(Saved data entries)
(* Let $t\in\mathbb{C}^\times$ with $t\neq q^{-2k}$ for all integers $k\ge0$. Then the map $T\mapsto\big(T(1),T(Z),\dots,T(Z^{n-1})\big)$ is a linear isomorphism from the space of $g_t$-twisted traces on $\mathcal{A}_+$ onto $\mathbb{C}^n$.
   Context: Let $q\in\mathbb{C}$ with $0<|q|<1$, $P\in\mathbb{C}[z]$ of degree $n\ge1$. $\mathcal{A}_P$ is generated by $u,v,Z,Z^{-1}$ with relations $ZZ^{-1}=Z^{-1}Z=1$, $ZuZ^{-1}=q^2u$, $ZvZ^{-1}=q^{-2}v$, $uv=P(q^{-1}Z)$, $vu=P(qZ)$, and $\mathcal{A}_+$ is its subalgebra generated by $u,v,Z$. $g_t$ is the automorphism $u\mapsto tu$, $v\mapsto t^{-1}v$, $Z\mapsto Z$ (it preserves $\mathcal{A}_+$). A $g_t$-twisted trace on $\mathcal{A}_+$ is a linear $T\colon\mathcal{A}_+\to\mathbb{C}$ with $T(ab)=T(b\,g_t(a))$ for all $a,b\in\mathcal{A}_+$. *)

theory Defs
  imports Complex_Main "HOL-Computational_Algebra.Polynomial"
begin

text \<open>Free associative algebra on the letters u, v, Z, Z^-1 (ZI), with elements
  represented as finitely supported coefficient functions on words.\<close>

datatype gen = U | V | Z | ZI

type_synonym word = "gen list"
type_synonym elem = "word \<Rightarrow> complex"

definition fin_supp :: "elem \<Rightarrow> bool" where
  "fin_supp a \<longleftrightarrow> finite {w. a w \<noteq> 0}"

definition mono :: "word \<Rightarrow> elem" where
  "mono w = (\<lambda>w'. if w' = w then 1 else 0)"

definition eadd :: "elem \<Rightarrow> elem \<Rightarrow> elem" where
  "eadd a b = (\<lambda>w. a w + b w)"

definition esub :: "elem \<Rightarrow> elem \<Rightarrow> elem" where
  "esub a b = (\<lambda>w. a w - b w)"

definition scal :: "complex \<Rightarrow> elem \<Rightarrow> elem" where
  "scal c a = (\<lambda>w. c * a w)"

definition fmul :: "elem \<Rightarrow> elem \<Rightarrow> elem" where
  "fmul a b = (\<lambda>w. \<Sum>k\<in>{0..length w}. a (take k w) * b (drop k w))"

text \<open>The element P(c Z) of the free algebra.\<close>
definition Pat :: "complex poly \<Rightarrow> complex \<Rightarrow> elem" where
  "Pat P c = (\<lambda>w. if (\<forall>x\<in>set w. x = Z) then coeff P (length w) * c ^ length w else 0)"

text \<open>Defining relations of A_P (as elements r with r = 0 in A_P).\<close>
definition rels :: "complex \<Rightarrow> complex poly \<Rightarrow> elem set" where
  "rels q P = { esub (mono [Z, ZI]) (mono []), esub (mono [ZI, Z]) (mono []),
                esub (mono [Z, U, ZI]) (scal (q^2) (mono [U])),
                esub (mono [Z, V, ZI]) (scal (inverse (q^2)) (mono [V])),
                esub (mono [U, V]) (Pat P (inverse q)),
                esub (mono [V, U]) (Pat P q) }"

text \<open>Two-sided ideal of the free algebra generated by the relations; A_P is the quotient.\<close>
inductive_set rel_ideal :: "complex \<Rightarrow> complex poly \<Rightarrow> elem set" for q P where
  gen: "r \<in> rels q P \<Longrightarrow> r \<in> rel_ideal q P"
| add: "a \<in> rel_ideal q P \<Longrightarrow> b \<in> rel_ideal q P \<Longrightarrow> eadd a b \<in> rel_ideal q P"
| scal: "a \<in> rel_ideal q P \<Longrightarrow> scal c a \<in> rel_ideal q P"
| left: "a \<in> rel_ideal q P \<Longrightarrow> fmul (mono x) a \<in> rel_ideal q P"
| right: "a \<in> rel_ideal q P \<Longrightarrow> fmul a (mono x) \<in> rel_ideal q P"

text \<open>Elements of the free algebra in the letters u, v, Z only; their images in A_P
  form the subalgebra A_+.  Hence A_+ = F_+ / (F_+ \<inter> rel_ideal).\<close>
definition Fplus :: "elem \<Rightarrow> bool" where
  "Fplus a \<longleftrightarrow> fin_supp a \<and> (\<forall>w. a w \<noteq> 0 \<longrightarrow> ZI \<notin> set w)"

definition wdeg :: "word \<Rightarrow> int" where
  "wdeg w = int (length (filter (\<lambda>x. x = U) w)) - int (length (filter (\<lambda>x. x = V) w))"

text \<open>The automorphism g_t: u \<mapsto> t u, v \<mapsto> t^-1 v, Z \<mapsto> Z (lifted to the free algebra).\<close>
definition gt :: "complex \<Rightarrow> elem \<Rightarrow> elem" where
  "gt t a = (\<lambda>w. t powi wdeg w * a w)"

definition ext :: "(word \<Rightarrow> complex) \<Rightarrow> elem \<Rightarrow> complex" where
  "ext f a = (\<Sum>w\<in>{w. a w \<noteq> 0}. a w * f w)"

text \<open>g_t-twisted traces on A_+, encoded by their values on (Z^-1-free) words: a linear
  functional on F_+ that vanishes on F_+ \<inter> rel_ideal (i.e. descends to A_+) and satisfies
  T(ab) = T(b g_t(a)).  Values on words containing Z^-1 are normalised to 0.\<close>
definition twisted_traces :: "complex \<Rightarrow> complex poly \<Rightarrow> complex \<Rightarrow> (word \<Rightarrow> complex) set" where
  "twisted_traces q P t = {f.
     (\<forall>w. ZI \<in> set w \<longrightarrow> f w = 0) \<and>
     (\<forall>a. Fplus a \<and> a \<in> rel_ideal q P \<longrightarrow> ext f a = 0) \<and>
     (\<forall>a b. Fplus a \<and> Fplus b \<longrightarrow> ext f (fmul a b) = ext f (fmul b (gt t a)))}"

end

theory Submission
  imports Defs
begin

(*
  Modulo the relations, every Z^-1-free word is a combination of the monomials u^k Z^m and
  v^k Z^m, with coefficients that do not depend on the functional.  For a g_t-twisted trace T,
  moving one letter u (or v) cyclically around u^k Z^m gives
  T(u^k Z^m) = (t q^(2m))^(+-1) T(u^k Z^m), so T vanishes off the powers of Z; and
  T(u v Z^j) = T(v Z^j g_t(u)) yields the recurrence
  sum_i p_i (q^-i - t q^(2j+i)) T(Z^(j+i)) = 0, whose leading coefficient is nonzero exactly
  because t <> q^(-2k).  Hence T is determined by T(1), ..., T(Z^(n-1)).
  Conversely, solve the recurrence for arbitrary initial values and extend through the normal
  form expansion.  The resulting functional descends to A_+ because the expansion is realised
  by a representation of A_P on functions on Z x Z, and twisted cyclicity only has to be
  checked for a single letter against a normal form.
*)

abbreviation supp :: "elem \<Rightarrow> word set" where
  "supp a \<equiv> {w. a w \<noteq> 0}"

lemma ext_eq_sum_superset:
  assumes "finite S" "supp a \<subseteq> S"
  shows "ext f a = (\<Sum>w\<in>S. a w * f w)"
  unfolding ext_def by (rule sum.mono_neutral_left) (use assms in auto)

lemma fin_supp_eadd: "fin_supp a \<Longrightarrow> fin_supp b \<Longrightarrow> fin_supp (eadd a b)"
  unfolding fin_supp_def eadd_def by (rule finite_subset[of _ "supp a \<union> supp b"]) auto

lemma fin_supp_esub: "fin_supp a \<Longrightarrow> fin_supp b \<Longrightarrow> fin_supp (esub a b)"
  unfolding fin_supp_def esub_def by (rule finite_subset[of _ "supp a \<union> supp b"]) auto

lemma fin_supp_scal: "fin_supp a \<Longrightarrow> fin_supp (scal c a)"
  unfolding fin_supp_def scal_def by (rule finite_subset[of _ "supp a"]) auto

GOAL OF THE EXERCISE → All that is needed is the exact run of lines above from the line containing "a \<longleftrightarrow> finite" through the line containing "text \<open>The element", both of them included.

WRITTEN RESPONSE →
  "fin_supp a \<longleftrightarrow> finite {w. a w \<noteq> 0}"

definition mono :: "word \<Rightarrow> elem" where
  "mono w = (\<lambda>w'. if w' = w then 1 else 0)"

definition eadd :: "elem \<Rightarrow> elem \<Rightarrow> elem" where
  "eadd a b = (\<lambda>w. a w + b w)"

definition esub :: "elem \<Rightarrow> elem \<Rightarrow> elem" where
  "esub a b = (\<lambda>w. a w - b w)"

definition scal :: "complex \<Rightarrow> elem \<Rightarrow> elem" where
  "scal c a = (\<lambda>w. c * a w)"

definition fmul :: "elem \<Rightarrow> elem \<Rightarrow> elem" where
  "fmul a b = (\<lambda>w. \<Sum>k\<in>{0..length w}. a (take k w) * b (drop k w))"

text \<open>The element P(c Z) of the free algebra.\<close>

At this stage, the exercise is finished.